Exercise description: Filter the lines below, keeping each one that holds "strictly".

Records for the exercise:
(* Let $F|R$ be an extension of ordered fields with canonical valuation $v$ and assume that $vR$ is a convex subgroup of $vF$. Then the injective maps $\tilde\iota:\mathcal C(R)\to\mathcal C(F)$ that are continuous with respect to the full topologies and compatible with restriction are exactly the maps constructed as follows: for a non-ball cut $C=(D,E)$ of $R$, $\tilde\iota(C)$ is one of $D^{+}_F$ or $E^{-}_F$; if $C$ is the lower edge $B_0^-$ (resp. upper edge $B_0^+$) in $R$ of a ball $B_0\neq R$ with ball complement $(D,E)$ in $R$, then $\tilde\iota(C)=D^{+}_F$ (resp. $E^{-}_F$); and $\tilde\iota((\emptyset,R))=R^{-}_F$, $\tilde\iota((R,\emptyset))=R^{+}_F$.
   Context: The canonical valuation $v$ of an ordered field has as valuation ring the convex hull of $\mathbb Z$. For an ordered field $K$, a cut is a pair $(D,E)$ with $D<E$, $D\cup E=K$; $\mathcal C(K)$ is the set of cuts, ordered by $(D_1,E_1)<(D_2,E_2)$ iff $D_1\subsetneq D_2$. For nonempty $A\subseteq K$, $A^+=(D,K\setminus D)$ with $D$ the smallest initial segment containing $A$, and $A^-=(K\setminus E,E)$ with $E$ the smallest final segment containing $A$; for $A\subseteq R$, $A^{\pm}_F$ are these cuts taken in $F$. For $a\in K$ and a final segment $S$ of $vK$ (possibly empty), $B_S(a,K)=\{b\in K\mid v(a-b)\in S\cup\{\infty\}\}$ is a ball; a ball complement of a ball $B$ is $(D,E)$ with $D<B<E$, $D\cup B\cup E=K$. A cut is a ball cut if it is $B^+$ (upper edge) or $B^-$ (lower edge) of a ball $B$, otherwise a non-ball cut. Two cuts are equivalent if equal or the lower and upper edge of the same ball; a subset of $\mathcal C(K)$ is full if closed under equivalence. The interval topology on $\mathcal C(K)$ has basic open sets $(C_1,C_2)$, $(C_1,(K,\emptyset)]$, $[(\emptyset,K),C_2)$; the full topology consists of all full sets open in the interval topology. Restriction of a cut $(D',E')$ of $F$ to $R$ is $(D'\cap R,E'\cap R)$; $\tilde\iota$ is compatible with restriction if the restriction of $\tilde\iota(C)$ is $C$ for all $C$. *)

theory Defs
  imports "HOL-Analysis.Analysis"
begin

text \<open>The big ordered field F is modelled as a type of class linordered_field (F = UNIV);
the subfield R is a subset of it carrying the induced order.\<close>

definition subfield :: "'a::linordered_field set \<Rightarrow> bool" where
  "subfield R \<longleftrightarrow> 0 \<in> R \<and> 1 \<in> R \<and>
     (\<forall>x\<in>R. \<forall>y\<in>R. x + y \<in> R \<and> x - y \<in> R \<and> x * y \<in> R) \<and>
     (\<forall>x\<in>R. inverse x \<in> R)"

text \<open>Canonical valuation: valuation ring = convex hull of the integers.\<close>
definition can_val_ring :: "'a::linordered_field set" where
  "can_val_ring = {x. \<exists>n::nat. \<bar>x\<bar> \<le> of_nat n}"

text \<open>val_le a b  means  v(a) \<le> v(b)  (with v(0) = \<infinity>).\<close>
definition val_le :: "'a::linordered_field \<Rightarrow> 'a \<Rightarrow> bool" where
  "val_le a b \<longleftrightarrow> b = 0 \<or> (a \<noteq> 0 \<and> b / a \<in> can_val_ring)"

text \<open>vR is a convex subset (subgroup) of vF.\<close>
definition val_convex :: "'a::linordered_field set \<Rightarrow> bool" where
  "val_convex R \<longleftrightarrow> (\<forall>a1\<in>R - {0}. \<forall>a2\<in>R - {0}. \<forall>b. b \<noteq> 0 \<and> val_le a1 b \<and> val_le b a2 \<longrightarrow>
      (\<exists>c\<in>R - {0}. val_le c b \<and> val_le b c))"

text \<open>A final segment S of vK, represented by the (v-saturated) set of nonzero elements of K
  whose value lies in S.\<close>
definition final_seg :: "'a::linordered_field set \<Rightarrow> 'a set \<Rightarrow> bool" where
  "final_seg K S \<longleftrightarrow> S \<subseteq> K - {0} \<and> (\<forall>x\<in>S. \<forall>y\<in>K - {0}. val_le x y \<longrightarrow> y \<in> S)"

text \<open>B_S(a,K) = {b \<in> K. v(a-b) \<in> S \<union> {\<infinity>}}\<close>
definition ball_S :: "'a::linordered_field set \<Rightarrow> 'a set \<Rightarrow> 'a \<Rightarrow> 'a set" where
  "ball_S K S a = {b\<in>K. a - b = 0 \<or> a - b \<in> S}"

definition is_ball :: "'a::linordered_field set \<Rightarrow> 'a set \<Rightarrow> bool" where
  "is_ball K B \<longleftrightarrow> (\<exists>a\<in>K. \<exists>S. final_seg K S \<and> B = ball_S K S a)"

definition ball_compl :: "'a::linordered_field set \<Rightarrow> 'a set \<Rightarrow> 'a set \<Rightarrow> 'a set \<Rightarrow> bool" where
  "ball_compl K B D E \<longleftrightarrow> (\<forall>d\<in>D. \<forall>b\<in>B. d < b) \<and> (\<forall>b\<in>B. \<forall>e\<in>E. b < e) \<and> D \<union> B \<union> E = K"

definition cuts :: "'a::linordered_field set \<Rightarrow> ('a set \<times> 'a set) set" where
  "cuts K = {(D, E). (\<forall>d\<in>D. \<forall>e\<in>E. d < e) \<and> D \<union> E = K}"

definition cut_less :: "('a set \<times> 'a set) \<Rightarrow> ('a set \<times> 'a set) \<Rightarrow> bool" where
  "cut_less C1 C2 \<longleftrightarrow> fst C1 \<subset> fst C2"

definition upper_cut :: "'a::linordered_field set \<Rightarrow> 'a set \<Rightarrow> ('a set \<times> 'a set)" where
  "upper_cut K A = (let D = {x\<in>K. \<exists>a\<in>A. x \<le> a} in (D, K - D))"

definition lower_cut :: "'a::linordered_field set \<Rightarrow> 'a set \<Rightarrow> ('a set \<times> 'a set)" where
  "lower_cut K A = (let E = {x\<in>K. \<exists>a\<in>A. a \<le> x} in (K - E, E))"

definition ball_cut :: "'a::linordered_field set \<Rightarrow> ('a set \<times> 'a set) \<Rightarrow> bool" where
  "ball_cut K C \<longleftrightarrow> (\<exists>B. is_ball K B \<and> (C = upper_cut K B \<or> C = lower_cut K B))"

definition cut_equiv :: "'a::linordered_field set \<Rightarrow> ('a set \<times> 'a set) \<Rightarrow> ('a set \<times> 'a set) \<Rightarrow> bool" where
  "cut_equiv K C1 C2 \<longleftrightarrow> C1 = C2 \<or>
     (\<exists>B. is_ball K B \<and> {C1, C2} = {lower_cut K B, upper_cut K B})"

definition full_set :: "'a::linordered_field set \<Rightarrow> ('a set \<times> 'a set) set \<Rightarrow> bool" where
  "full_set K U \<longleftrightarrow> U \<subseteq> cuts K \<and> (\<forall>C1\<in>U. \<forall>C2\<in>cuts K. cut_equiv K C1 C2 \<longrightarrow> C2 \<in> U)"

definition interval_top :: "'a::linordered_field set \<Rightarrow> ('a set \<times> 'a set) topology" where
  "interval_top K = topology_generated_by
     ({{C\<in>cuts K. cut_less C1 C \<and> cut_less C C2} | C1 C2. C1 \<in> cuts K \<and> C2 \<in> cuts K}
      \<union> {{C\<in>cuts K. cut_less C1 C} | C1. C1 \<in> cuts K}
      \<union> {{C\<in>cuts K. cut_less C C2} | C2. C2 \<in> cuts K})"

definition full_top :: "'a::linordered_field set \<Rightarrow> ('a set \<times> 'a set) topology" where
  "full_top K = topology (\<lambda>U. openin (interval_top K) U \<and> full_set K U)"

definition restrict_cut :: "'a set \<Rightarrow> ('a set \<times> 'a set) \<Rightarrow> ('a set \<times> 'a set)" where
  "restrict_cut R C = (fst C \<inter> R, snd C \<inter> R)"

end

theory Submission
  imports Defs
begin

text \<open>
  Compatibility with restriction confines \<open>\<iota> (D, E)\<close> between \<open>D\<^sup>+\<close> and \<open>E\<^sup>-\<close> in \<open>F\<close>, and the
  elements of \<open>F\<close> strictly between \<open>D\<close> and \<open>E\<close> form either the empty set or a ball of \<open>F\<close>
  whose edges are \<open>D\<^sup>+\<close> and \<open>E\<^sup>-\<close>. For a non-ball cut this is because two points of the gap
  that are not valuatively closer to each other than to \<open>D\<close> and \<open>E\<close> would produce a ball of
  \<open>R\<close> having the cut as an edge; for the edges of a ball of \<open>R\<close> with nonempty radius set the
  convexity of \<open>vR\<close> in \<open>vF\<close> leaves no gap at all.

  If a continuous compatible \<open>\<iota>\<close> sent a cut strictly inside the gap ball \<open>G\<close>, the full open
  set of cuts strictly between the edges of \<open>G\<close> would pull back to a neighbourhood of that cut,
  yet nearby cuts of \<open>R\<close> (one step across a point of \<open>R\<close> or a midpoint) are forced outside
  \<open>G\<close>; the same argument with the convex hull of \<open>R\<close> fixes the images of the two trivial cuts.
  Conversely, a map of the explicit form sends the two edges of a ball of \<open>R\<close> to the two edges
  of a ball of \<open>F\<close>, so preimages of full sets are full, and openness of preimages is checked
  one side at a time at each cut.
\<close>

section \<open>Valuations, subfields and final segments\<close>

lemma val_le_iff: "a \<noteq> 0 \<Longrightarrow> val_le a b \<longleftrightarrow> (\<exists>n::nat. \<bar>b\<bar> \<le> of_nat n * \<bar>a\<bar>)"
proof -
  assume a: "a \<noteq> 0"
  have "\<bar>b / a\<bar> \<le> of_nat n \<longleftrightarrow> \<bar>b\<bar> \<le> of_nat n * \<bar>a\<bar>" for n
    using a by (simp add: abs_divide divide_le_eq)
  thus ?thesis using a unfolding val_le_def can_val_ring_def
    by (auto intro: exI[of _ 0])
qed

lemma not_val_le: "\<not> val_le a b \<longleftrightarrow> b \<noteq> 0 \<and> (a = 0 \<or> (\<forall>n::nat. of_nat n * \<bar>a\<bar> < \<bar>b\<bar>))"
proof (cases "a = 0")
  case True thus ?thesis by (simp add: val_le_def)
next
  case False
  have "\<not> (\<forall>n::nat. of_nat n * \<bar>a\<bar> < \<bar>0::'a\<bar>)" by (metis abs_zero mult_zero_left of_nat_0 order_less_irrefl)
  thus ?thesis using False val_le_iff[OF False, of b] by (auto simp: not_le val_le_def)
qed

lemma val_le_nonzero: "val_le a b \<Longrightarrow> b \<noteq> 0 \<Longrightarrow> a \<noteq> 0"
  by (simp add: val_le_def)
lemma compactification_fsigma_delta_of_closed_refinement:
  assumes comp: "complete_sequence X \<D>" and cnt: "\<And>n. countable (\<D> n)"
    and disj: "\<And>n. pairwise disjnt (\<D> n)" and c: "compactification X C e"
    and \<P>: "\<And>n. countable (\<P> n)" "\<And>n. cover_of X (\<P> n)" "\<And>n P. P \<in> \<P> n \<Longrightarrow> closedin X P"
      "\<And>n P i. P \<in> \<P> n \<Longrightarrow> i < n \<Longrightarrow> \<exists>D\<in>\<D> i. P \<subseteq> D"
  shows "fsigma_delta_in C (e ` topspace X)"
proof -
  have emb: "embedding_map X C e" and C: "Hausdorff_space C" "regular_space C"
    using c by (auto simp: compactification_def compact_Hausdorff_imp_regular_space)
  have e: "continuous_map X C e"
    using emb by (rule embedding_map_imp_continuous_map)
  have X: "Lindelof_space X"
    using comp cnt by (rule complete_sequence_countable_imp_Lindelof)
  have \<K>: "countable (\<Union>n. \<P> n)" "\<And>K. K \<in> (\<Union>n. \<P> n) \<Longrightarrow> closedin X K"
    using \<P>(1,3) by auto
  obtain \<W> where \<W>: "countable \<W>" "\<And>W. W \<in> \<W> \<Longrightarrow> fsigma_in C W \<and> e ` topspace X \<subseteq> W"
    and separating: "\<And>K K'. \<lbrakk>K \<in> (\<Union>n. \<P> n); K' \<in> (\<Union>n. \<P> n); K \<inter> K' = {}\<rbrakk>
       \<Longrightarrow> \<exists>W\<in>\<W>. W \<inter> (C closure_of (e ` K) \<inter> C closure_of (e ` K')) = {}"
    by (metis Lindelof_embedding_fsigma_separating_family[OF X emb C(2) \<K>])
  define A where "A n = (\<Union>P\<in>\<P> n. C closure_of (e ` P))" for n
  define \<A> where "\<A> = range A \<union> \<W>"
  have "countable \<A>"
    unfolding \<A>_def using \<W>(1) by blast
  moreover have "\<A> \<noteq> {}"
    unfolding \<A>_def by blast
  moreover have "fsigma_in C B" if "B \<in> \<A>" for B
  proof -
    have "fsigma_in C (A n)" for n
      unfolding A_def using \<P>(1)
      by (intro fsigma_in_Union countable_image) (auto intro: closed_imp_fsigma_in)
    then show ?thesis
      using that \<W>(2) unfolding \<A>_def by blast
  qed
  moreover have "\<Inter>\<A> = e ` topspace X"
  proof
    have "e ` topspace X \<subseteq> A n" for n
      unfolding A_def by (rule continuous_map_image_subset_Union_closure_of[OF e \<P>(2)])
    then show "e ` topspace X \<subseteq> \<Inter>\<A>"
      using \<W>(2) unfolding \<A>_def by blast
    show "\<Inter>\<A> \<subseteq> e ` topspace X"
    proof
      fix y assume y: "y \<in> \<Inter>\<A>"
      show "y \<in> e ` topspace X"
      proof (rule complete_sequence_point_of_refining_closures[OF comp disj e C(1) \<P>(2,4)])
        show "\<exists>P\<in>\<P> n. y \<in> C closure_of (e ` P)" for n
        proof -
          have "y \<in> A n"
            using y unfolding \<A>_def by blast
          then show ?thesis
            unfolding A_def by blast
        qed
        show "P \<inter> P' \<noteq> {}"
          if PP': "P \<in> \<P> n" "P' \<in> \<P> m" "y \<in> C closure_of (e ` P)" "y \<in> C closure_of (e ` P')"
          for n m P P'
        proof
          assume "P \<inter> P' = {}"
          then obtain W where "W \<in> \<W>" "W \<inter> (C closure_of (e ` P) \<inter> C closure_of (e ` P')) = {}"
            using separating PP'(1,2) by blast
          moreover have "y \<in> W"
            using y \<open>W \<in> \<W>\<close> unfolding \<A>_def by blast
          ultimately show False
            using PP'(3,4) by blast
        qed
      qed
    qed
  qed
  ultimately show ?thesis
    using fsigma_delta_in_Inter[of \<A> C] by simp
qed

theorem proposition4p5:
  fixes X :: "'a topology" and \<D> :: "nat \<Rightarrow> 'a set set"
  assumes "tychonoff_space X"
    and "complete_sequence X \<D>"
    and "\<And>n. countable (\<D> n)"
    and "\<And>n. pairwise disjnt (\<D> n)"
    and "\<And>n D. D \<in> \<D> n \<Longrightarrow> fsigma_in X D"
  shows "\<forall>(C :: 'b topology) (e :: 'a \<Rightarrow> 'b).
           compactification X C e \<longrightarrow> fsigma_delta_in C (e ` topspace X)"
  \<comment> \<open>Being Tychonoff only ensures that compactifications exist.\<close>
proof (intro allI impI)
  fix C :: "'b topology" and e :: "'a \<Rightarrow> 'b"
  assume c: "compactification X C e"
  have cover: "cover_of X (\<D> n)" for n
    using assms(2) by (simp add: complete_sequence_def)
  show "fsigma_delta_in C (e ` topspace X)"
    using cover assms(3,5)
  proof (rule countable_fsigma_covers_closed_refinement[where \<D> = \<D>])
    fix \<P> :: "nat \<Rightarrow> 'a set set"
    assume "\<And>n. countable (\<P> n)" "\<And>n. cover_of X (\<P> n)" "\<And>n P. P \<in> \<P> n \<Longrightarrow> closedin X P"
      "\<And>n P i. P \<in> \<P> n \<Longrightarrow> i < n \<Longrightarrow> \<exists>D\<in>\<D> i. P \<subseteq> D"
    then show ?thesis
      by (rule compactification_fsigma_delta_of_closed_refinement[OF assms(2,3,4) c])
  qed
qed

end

Solution to this exercise:
  elements of \<open>F\<close> strictly between \<open>D\<close> and \<open>E\<close> form either the empty set or a ball of \<open>F\<close>
  If a continuous compatible \<open>\<iota>\<close> sent a cut strictly inside the gap ball \<open>G\<close>, the full open
  set of cuts strictly between the edges of \<open>G\<close> would pull back to a neighbourhood of that cut,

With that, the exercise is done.